# AVAILABLE DATA
lemma integral_ball_bubble_kernel_lipschitz_estimate:
  fixes b :: "real^3 \<Rightarrow> real"
  assumes "0 < L" and "0 < e" and "0 \<le> G"
    and lip: "\<And>y. y \<in> ball x e \<Longrightarrow> \<bar>b y - b x\<bar> \<le> G * norm (y - x)"
    and int: "(\<lambda>y. b y * bubble_kernel L (norm (y - x))) integrable_on ball x e"
  shows "\<bar>integral (ball x e) (\<lambda>y. b y * bubble_kernel L (norm (y - x)))
           - b x * (4*pi/L^2 * (sqrt (1 + (L*e)^2) - L*e + arctan (L*e) - 1))\<bar>
         \<le> G * (4*pi/L^3 * ln (1 + L*e))"
proof -
  let ?k = "\<lambda>y. bubble_kernel L (norm (y - x))"
  let ?h = "\<lambda>y. 1 / (L^2 * (norm (y - x))^2 * (1 + L * norm (y - x)))"
  have k: "(?k has_integral 4*pi/L^2 * (sqrt (1 + (L*e)^2) - L*e + arctan (L*e) - 1)) (ball x e)"
    using assms(1,2) by (rule has_integral_ball_bubble_kernel)
  have "(?h has_integral 4*pi/L^3 * ln (1 + L*e)) (ball x e)"
    using assms(1,2) by (intro has_integral_radial_ball has_integral_shell_kernel_majorant) auto
  then have h: "((\<lambda>y. G * ?h y) has_integral G * (4*pi/L^3 * ln (1 + L*e))) (ball x e)"
    by (rule has_integral_mult_right)
  define J where "J = integral (ball x e) (\<lambda>y. b y * ?k y)
    - b x * (4*pi/L^2 * (sqrt (1 + (L*e)^2) - L*e + arctan (L*e) - 1))"
  have "((\<lambda>y. b y * ?k y - b x * ?k y) has_integral J) (ball x e)"
    unfolding J_def using int k by (intro has_integral_diff has_integral_mult_right) auto
  then have "norm J \<le> integral (ball x e) (\<lambda>y. G * ?h y)"
  proof (subst integral_unique[symmetric], assumption,
         intro integral_norm_bound_integral has_integral_integrable[OF h])
    fix y assume y: "y \<in> ball x e"
    have "norm (b y * ?k y - b x * ?k y) = \<bar>b y - b x\<bar> * ?k y"
      using bubble_kernel_nonneg[OF assms(1)] by (simp add: abs_mult left_diff_distrib[symmetric])
    also have "\<dots> \<le> G * (norm (y - x) * ?k y)"
      using mult_right_mono[OF lip[OF y] bubble_kernel_nonneg[OF assms(1)]] by (simp add: mult.assoc)
    also have "\<dots> \<le> G * ?h y"
      using mult_bubble_kernel_le[OF assms(1)] \<open>0 \<le> G\<close> by (intro mult_left_mono) auto
    finally show "norm (b y * ?k y - b x * ?k y) \<le> G * ?h y" .
  qed (auto intro: has_integral_integrable)
  then show ?thesis
    using integral_unique[OF h] by (simp add: J_def)
qed
lemma ex_element_in_many_sets:
  assumes "finite A" "A \<noteq> {}" and nonneg: "\<And>c. c \<in> A \<Longrightarrow> 0 \<le> p c" and "sum p A = 1"
    and "finite R" and sets: "\<And>v. v \<in> R \<Longrightarrow> U v \<subseteq> A \<and> \<theta> \<le> sum p (U v)"
  obtains c where "c \<in> A" "\<theta> * real (card R) \<le> real (card {v\<in>R. c \<in> U v})"
proof -
  define X where "X c = real (card {v\<in>R. c \<in> U v})" for c
  have "\<theta> * real (card R) = (\<Sum>v\<in>R. \<theta>)"
    by simp
  also have "\<dots> \<le> (\<Sum>v\<in>R. sum p {c\<in>A. c \<in> U v})"
    using sets by (intro sum_mono) (simp add: Int_absorb1 Int_def[symmetric])
  also have "\<dots> = (\<Sum>c\<in>A. X c * p c)"
    unfolding X_def by (rule sum_weighted_card_swap[OF \<open>finite A\<close> \<open>finite R\<close>, symmetric])
  also have "\<dots> \<le> (\<Sum>c\<in>A. Max (X ` A) * p c)"
    using assms by (intro sum_mono mult_right_mono) auto
  also have "\<dots> = Max (X ` A)"
    using \<open>sum p A = 1\<close> by (simp add: sum_distrib_left[symmetric])
  moreover have "Max (X ` A) \<in> X ` A"
    using assms by (intro Max_in) auto
  then obtain c where "c \<in> A" "X c = Max (X ` A)"
    by auto
  ultimately show thesis
    using that unfolding X_def by auto
qed
lemma sum_partitions_mod_4_sign_eq_nth:
  fixes n :: nat
  defines "x \<equiv> fps_X ^ 2 :: real fps"
  defines "V \<equiv> inverse (qpoch x (8 * Suc n))"
  defines "Q b \<equiv> (\<Prod>i<n. (1 - x ^ (4 - b + 2 * 4 * i)) * (1 - x ^ (4 + b + 2 * 4 * i))) * qpoch (x ^ (2 * 4)) n"
  shows "(\<Sum>xs\<in>partitions n. if alt_num_odd xs mod 4 \<in> {0, 1} then 1 else -1)
       = (Q 1 * V * V + fps_X * (Q 3 * V * V)) $ n"
proof -
  define h :: "int \<Rightarrow> real" where "h c = (if c mod 4 \<in> {0, 1} then 1 else -1)" for c
  define E where "E b = (\<Sum>j=-int n..int n. (-1) ^ nat \<bar>j\<bar> * x ^ nat (int 4 * j\<^sup>2 + int b * j))" for b
  let ?C = "{-2 * int n..2 * int n + 1}"
  have count: "(\<Sum>xs\<in>partitions n. h (alt_num_odd xs)) = (\<Sum>c\<in>?C. fps_const (h c) * alt_partition_series (4 * n) c) $ n"
    by (rule sum_partitions_eq_nth_alt_partition_series) auto
  have "fps_eq_upto n (\<Sum>c\<in>?C. fps_const (h c) * alt_partition_series (4 * n) c)
      (\<Sum>c\<in>?C. fps_const (h c) * (fps_X ^ nat (2 * c\<^sup>2 - c) * (V * V)))"
    unfolding V_def x_def
    by (intro fps_eq_upto_sum fps_eq_upto_mult[OF fps_eq_upto_refl] alt_partition_series_eq_upto) simp
  also have "(\<Sum>c\<in>?C. fps_const (h c) * (fps_X ^ nat (2 * c\<^sup>2 - c) * (V * V)))
      = E 1 * (V * V) + fps_X * (E 3 * (V * V))"
  proof -
    have h: "fps_const (h c) = (if c mod 4 \<in> {0, 1} then 1 else -1)" for c
      by (simp add: h_def flip: fps_const_neg)
    have "nat (2 * (-2 * j)\<^sup>2 - (-2 * j)) = 2 * nat (int 4 * j\<^sup>2 + int 1 * j)"
      and "nat (2 * (2 * j + 1)\<^sup>2 - (2 * j + 1)) = 1 + 2 * nat (int 4 * j\<^sup>2 + int 3 * j)" for j
      using quadratic_nonneg_int[of 1 4 j] quadratic_nonneg_int[of 3 4 j]
      by (simp_all add: power2_eq_square algebra_simps nat_mult_distrib flip: nat_add_distrib)
    then have "fps_const (h (-2 * j)) * (fps_X ^ nat (2 * (-2 * j)\<^sup>2 - (-2 * j)) * (V * V))
        + fps_const (h (2 * j + 1)) * (fps_X ^ nat (2 * (2 * j + 1)\<^sup>2 - (2 * j + 1)) * (V * V))
      = (-1) ^ nat \<bar>j\<bar> * x ^ nat (int 4 * j\<^sup>2 + int 1 * j) * (V * V)
        + fps_X * ((-1) ^ nat \<bar>j\<bar> * x ^ nat (int 4 * j\<^sup>2 + int 3 * j) * (V * V))" for j
      unfolding h mod_4_sign_even_odd x_def by (simp add: power_mult mult_ac)
    then show ?thesis
      unfolding sum_int_interval_even_odd E_def
      by (simp add: sum.distrib sum_distrib_left sum_distrib_right mult_ac)
  qed
  also have "fps_eq_upto n (E 1 * (V * V) + fps_X * (E 3 * (V * V))) (Q 1 * (V * V) + fps_X * (Q 3 * (V * V)))"
  proof -
    have "fps_eq_upto n (E b) (Q b)" if "b < 4" for b
      unfolding E_def Q_def x_def using that
      by (intro jacobi_triple_product_eq_upto) simp_all
    then show ?thesis
      by (intro fps_eq_upto_add fps_eq_upto_mult fps_eq_upto_refl) simp_all
  qed
  finally show ?thesis
    using count by (simp add: fps_eq_upto_def h_def mult.assoc)
qed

# EXERCISE OBJECTIVE
Whatever else the listing above holds, retype exactly only the lines from the one containing "fixes n :: nat" to the one containing "c = (if c mod", both ends kept.

# SOLUTION FOR THIS TASK
  fixes n :: nat
  defines "x \<equiv> fps_X ^ 2 :: real fps"
  defines "V \<equiv> inverse (qpoch x (8 * Suc n))"
  defines "Q b \<equiv> (\<Prod>i<n. (1 - x ^ (4 - b + 2 * 4 * i)) * (1 - x ^ (4 + b + 2 * 4 * i))) * qpoch (x ^ (2 * 4)) n"
  shows "(\<Sum>xs\<in>partitions n. if alt_num_odd xs mod 4 \<in> {0, 1} then 1 else -1)
       = (Q 1 * V * V + fps_X * (Q 3 * V * V)) $ n"
proof -
  define h :: "int \<Rightarrow> real" where "h c = (if c mod 4 \<in> {0, 1} then 1 else -1)" for c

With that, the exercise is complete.